1.6.1. Excessive Logic Levels

Excessive levels of combinational logic in your design can increase the delay on a path and cause that path to become critical. The number of logic levels between registers may be difficult to visualize in your RTL code alone.

As an example, conditional statements are always translated as additional levels of logic. Verify situations before adding conditional statements within another conditional statement. Ensure that the modifications you make apply the conditions only on the branch where it is necessary.

The example below shows a section of a Verilog HDL code. Assume that counter1 is an 8-bit counter, and that counter2 is a 12-bit counter. TC1 and TC2 represent the status count signals for these counters: 

if (reset == 0) begin 
   counter1 <= 0;
   counter2 <= 0; 
   TC1 <= 1'b0;
   TC2 <= 1'b0;

   end else begin
   if (incr ==1) begin
      if (counter1 == value1) begin
         TC1 <= 1'b1;
         if (counter2 == value2) begin
            TC2 <= 1'b1 ;
         end else begin
            counter2 <= counter2 +1 ;
         end
      end else begin
         counter1 <= counter1 +1 ;
   end

end

The updates for counter2 are based on the results of the nested 8-bit and 12-bit comparators. Depending on the device architecture, this combinational logic that implements in several levels can form a critical path. The way the logic maps can affect the number of constituent delays.

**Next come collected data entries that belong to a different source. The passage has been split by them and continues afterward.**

(* Let $J:\mathbb{R}^N\to\mathbb{R}$ be a finite-valued convex function, let $\Phi:\mathbb{R}^N\to\mathbb{R}^P$ be linear, let $x_0\in\mathbb{R}^N$, and write $T=T_{x_0}=\mathrm{Lin}(\partial J(x_0))^\perp$. Assume $\ker(\Phi)\cap T=\{0\}$. Define the linearized pre-certificate $$\eta_F=\Phi^*\,\operatorname*{argmin}\{\|p\| \;:\; p\in\mathbb{R}^P,\ \Phi^*p\in\mathrm{aff}(\partial J(x_0))\}.$$ Then $$\eta_F=\Phi^*\,(\Phi_T^{+})^{*}\, e_{x_0},\qquad\text{where } e_{x_0}=\mathrm{P}_T(\partial J(x_0))\in\mathbb{R}^N.$$
   Context: $\partial J(x)$ denotes the convex subdifferential of $J$ at $x$. For a convex set $E$, $\mathrm{aff}(E)$ is its affine hull and $\mathrm{Lin}(E)$ the linear subspace parallel to $\mathrm{aff}(E)$. For a subspace $T$, $\mathrm{P}_T$ is the orthogonal projection onto $T$ and $\Phi_T=\Phi\,\mathrm{P}_T$. For a matrix $A$, $A^*$ is its transpose and $A^+$ its Moore–Penrose pseudo-inverse. Since $\mathrm{aff}(\partial J(x_0))$ is parallel to $T^\perp$, the image $\mathrm{P}_T(\partial J(x_0))$ consists of a single vector, denoted $e_{x_0}$. Under the assumption $\ker(\Phi)\cap T=\{0\}$, the constraint set in the definition of $\eta_F$ is a non-empty affine space, so the minimal-norm $p$ is unique and $\eta_F$ is well defined. *)

theory Defs
  imports "HOL-Analysis.Analysis"
begin

definition subdiff :: "(real^'n \<Rightarrow> real) \<Rightarrow> real^'n \<Rightarrow> (real^'n) set" where
  "subdiff J x = {g. \<forall>y. J y \<ge> J x + g \<bullet> (y - x)}"

definition lin_of :: "(real^'n) set \<Rightarrow> (real^'n) set" where
  "lin_of E = {a - b | a b. a \<in> affine hull E \<and> b \<in> affine hull E}"

definition proj_mat :: "(real^'n) set \<Rightarrow> real^'n^'n" where
  "proj_mat T = matrix (closest_point T)"

definition pinv :: "real^'n^'m \<Rightarrow> real^'m^'n" where
  "pinv A = (THE B. A ** B ** A = A \<and> B ** A ** B = B \<and>
                   transpose (A ** B) = A ** B \<and> transpose (B ** A) = B ** A)"

definition eta_F :: "(real^'n \<Rightarrow> real) \<Rightarrow> real^'n^'p \<Rightarrow> real^'n \<Rightarrow> real^'n" where
  "eta_F J Phi x0 = transpose Phi *v
     (THE p. transpose Phi *v p \<in> affine hull (subdiff J x0) \<and>
        (\<forall>q. transpose Phi *v q \<in> affine hull (subdiff J x0) \<longrightarrow> norm p \<le> norm q))"

end

theory Submission
  imports Defs
begin

text \<open>Pick a subgradient \<open>s\<^sub>0\<close> (it exists by separating the strict epigraph of \<open>J\<close> from
  \<open>(x\<^sub>0, J x\<^sub>0)\<close>). Then \<open>aff \<partial>J(x\<^sub>0) = s\<^sub>0 + T\<^sup>\<bottom>\<close>, so with \<open>P = P\<^sub>T\<close> the constraint
  \<open>\<Phi>\<^sup>*p \<in> aff \<partial>J(x\<^sub>0)\<close> reads \<open>(\<Phi>P)\<^sup>*p = P s\<^sub>0 = e\<^sub>x\<^sub>0\<close>. Since \<open>\<Phi>\<close> is injective on \<open>T\<close>,
  \<open>\<Phi>P\<close> and \<open>P\<close> have the same kernel, hence \<open>(\<Phi>P)\<^sup>+\<Phi>P = P\<close> (two orthogonal projections with
  the same kernel coincide) and the constraint is solvable. For a consistent system \<open>Ax = b\<close> the
  vector \<open>A\<^sup>+b\<close> is the solution of least norm: it is fixed by the symmetric projection \<open>A\<^sup>+A\<close>,
  whose range is orthogonal to \<open>ker A\<close>. Apply this to \<open>A = (\<Phi>P)\<^sup>*\<close>, using
  \<open>((\<Phi>P)\<^sup>*)\<^sup>+ = ((\<Phi>P)\<^sup>+)\<^sup>*\<close>.\<close>

section \<open>Subgradients\<close>

lemma convex_on_strict_epigraph:
  fixes J :: "'a::real_vector \<Rightarrow> real"
  assumes "convex_on UNIV J"
  shows "convex {z. J (fst z) < snd z}"
  unfolding convex_alt
proof (intro ballI allI impI)
  fix z w :: "'a \<times> real" and u :: real
  assume z: "z \<in> {z. J (fst z) < snd z}" and w: "w \<in> {z. J (fst z) < snd z}"
    and u: "0 \<le> u \<and> u \<le> 1"
  have "J ((1 - u) *\<^sub>R fst z + u *\<^sub>R fst w) \<le> (1 - u) * J (fst z) + u * J (fst w)"
    using convex_onD[OF assms, of u "fst z" "fst w"] u by auto
  also have "\<dots> < (1 - u) * snd z + u * snd w"
  proof (cases "u = 0")
    case True
    then show ?thesis using z by simp
  next
    case False
    have "(1 - u) * J (fst z) \<le> (1 - u) * snd z"
      using z u by (intro mult_left_mono) auto
    moreover have "u * J (fst w) < u * snd w"
      using w u False by (intro mult_strict_left_mono) auto
    ultimately show ?thesis by linarith
  qed
  finally show "(1 - u) *\<^sub>R z + u *\<^sub>R w \<in> {z. J (fst z) < snd z}" by simp
qed

text \<open>A hyperplane separating the strict epigraph from the point \<open>(x, J x)\<close> cannot be
  vertical, and its normal, rescaled to have last coordinate \<open>-1\<close>, is a subgradient.\<close>

lemma convex_on_subgradient_exists:
  fixes J :: "'a::euclidean_space \<Rightarrow> real"
  assumes "convex_on UNIV J"
  obtains g where "\<And>y. J x + g \<bullet> (y - x) \<le> J y"
proof -
  define E where "E = {z::'a \<times> real. J (fst z) < snd z}"
  have "(x, J x + 1) \<in> E" by (simp add: E_def)
  moreover have "E \<inter> {(x, J x)} = {}" by (simp add: E_def)
  ultimately obtain a b where a0: "a \<noteq> 0" and aE: "\<forall>z\<in>E. a \<bullet> z \<le> b"
    and ax: "\<forall>z\<in>{(x, J x)}. b \<le> a \<bullet> z"
    using separating_hyperplane_sets[OF convex_on_strict_epigraph[OF assms] convex_singleton,
        folded E_def, of "(x, J x)"]
    by blast
  obtain a1 a2 where aa: "a = (a1, a2)" by (cases a)
  have ax': "b \<le> a1 \<bullet> x + a2 * J x" using ax aa by simp
  have below: "a1 \<bullet> y + a2 * t \<le> b" if "J y < t" for y t
    using aE that aa by (auto simp: E_def)
  have "a2 \<le> 0"
    using below[of x "J x + 1"] ax' by (simp add: algebra_simps)
  moreover have "a2 \<noteq> 0"
  proof
    assume a2: "a2 = 0"
    then have "a1 \<noteq> 0" using a0 aa by (auto simp: zero_prod_def)
    have "a1 \<bullet> (x + a1) \<le> b" using below[of "x + a1" "J (x + a1) + 1"] a2 by simp
    then have "a1 \<bullet> a1 \<le> 0" using ax' a2 by (simp add: inner_add_right)
    then show False using \<open>a1 \<noteq> 0\<close> by (metis inner_gt_zero_iff not_le)
  qed
  ultimately have a2: "a2 < 0" by simp
  define g where "g = (- 1 / a2) *\<^sub>R a1"
  have g: "g \<bullet> (y - x) = a1 \<bullet> (x - y) / a2" for y
    using a2 by (simp add: g_def inner_diff_right field_simps)
  have "J x + g \<bullet> (y - x) \<le> J y" for y
  proof (rule ccontr)
    assume contra: "\<not> ?thesis"
    then have "J y < (J y + J x + g \<bullet> (y - x)) / 2" (is "_ < ?t")
      by simp
    from below[OF this] ax' have "a2 * (?t - J x) \<le> a1 \<bullet> (x - y)"
      by (simp add: algebra_simps inner_diff_right)
    then have "g \<bullet> (y - x) \<le> ?t - J x"
      using a2 by (simp add: g neg_divide_le_eq mult.commute)
    then show False
      using contra by (simp add: field_simps)
  qed
  then show ?thesis using that by blast
qed

section \<open>Orthogonal projections onto subspaces\<close>

lemma closest_point_subspace_eqI:
  fixes T :: "'a::euclidean_space set"
  assumes T: "subspace T" and t: "t \<in> T" and at: "a - t \<in> orthogonal_comp T"
  shows "closest_point T a = t"
proof -
  have "dist a t \<le> dist a z" if z: "z \<in> T" for z
  proof -
    have "orthogonal (a - t) (t - z)"
      using at subspace_diff[OF T t z] by (auto simp: orthogonal_comp_def orthogonal_commute)
    then have "(norm (a - z))\<^sup>2 = (norm (a - t))\<^sup>2 + (norm (t - z))\<^sup>2"
      by (metis norm_add_Pythagorean diff_add_cancel add_diff_eq)
    then show ?thesis
      by (simp add: dist_norm power2_le_imp_le)
  qed
  then show ?thesis
    using closest_point_unique[OF subspace_imp_convex[OF T] closed_subspace[OF T] t] by auto
qed

lemma closest_point_subspace:
  fixes T :: "'a::euclidean_space set"
  assumes T: "subspace T"
  shows "closest_point T a \<in> T" and "a - closest_point T a \<in> orthogonal_comp T"
proof -
  obtain v w where "a = v + w" "v \<in> T" "w \<in> orthogonal_comp T"
    using subspace_sum_orthogonal_comp[OF T] set_plus_elim by (metis UNIV_I)
  moreover from this have "closest_point T a = v"
    using closest_point_subspace_eqI[OF T] by simp
  ultimately show "closest_point T a \<in> T" "a - closest_point T a \<in> orthogonal_comp T"
    by auto
qed

lemma linear_closest_point_subspace:
  fixes T :: "'a::euclidean_space set"
  assumes T: "subspace T"
  shows "linear (closest_point T)"
proof (rule linearI)
  note sub = closest_point_subspace[OF T]
  have perp: "subspace (orthogonal_comp T)"
    by (rule subspace_orthogonal_comp)
  fix x y :: 'a and c :: real
  have "x + y - (closest_point T x + closest_point T y) =
      (x - closest_point T x) + (y - closest_point T y)" by simp
  then have "x + y - (closest_point T x + closest_point T y) \<in> orthogonal_comp T"
    using sub perp by (metis subspace_add)
  then show "closest_point T (x + y) = closest_point T x + closest_point T y"
    using sub T by (intro closest_point_subspace_eqI) (auto intro: subspace_add)
  have "c *\<^sub>R x - c *\<^sub>R closest_point T x = c *\<^sub>R (x - closest_point T x)"
    by (simp add: algebra_simps)
  then have "c *\<^sub>R x - c *\<^sub>R closest_point T x \<in> orthogonal_comp T"
    using sub perp by (metis subspace_scale)
  then show "closest_point T (c *\<^sub>R x) = c *\<^sub>R closest_point T x"
    using sub T by (intro closest_point_subspace_eqI) (auto intro: subspace_scale)
qed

The Timing Analyzer design metric reports provide a summary of the logic depths in your design per clock domain.

In the Timing Analyzer, click Tasks > Reports > Design Metrics > Report Logic Depth to generate this report.

Figure 5 shows clk_2x domain’s worst depth is at 4. You can check the paths with this depth by right-clicking on the clock domain and depth element to generate a timing report.

Figure 5. Report Logic Depth
Figure 6. Report Paths of Depth 4 or More

The report indicates that the path with the longest depth belongs to the nested comparators in the example, and is contributing to several critical paths on the design.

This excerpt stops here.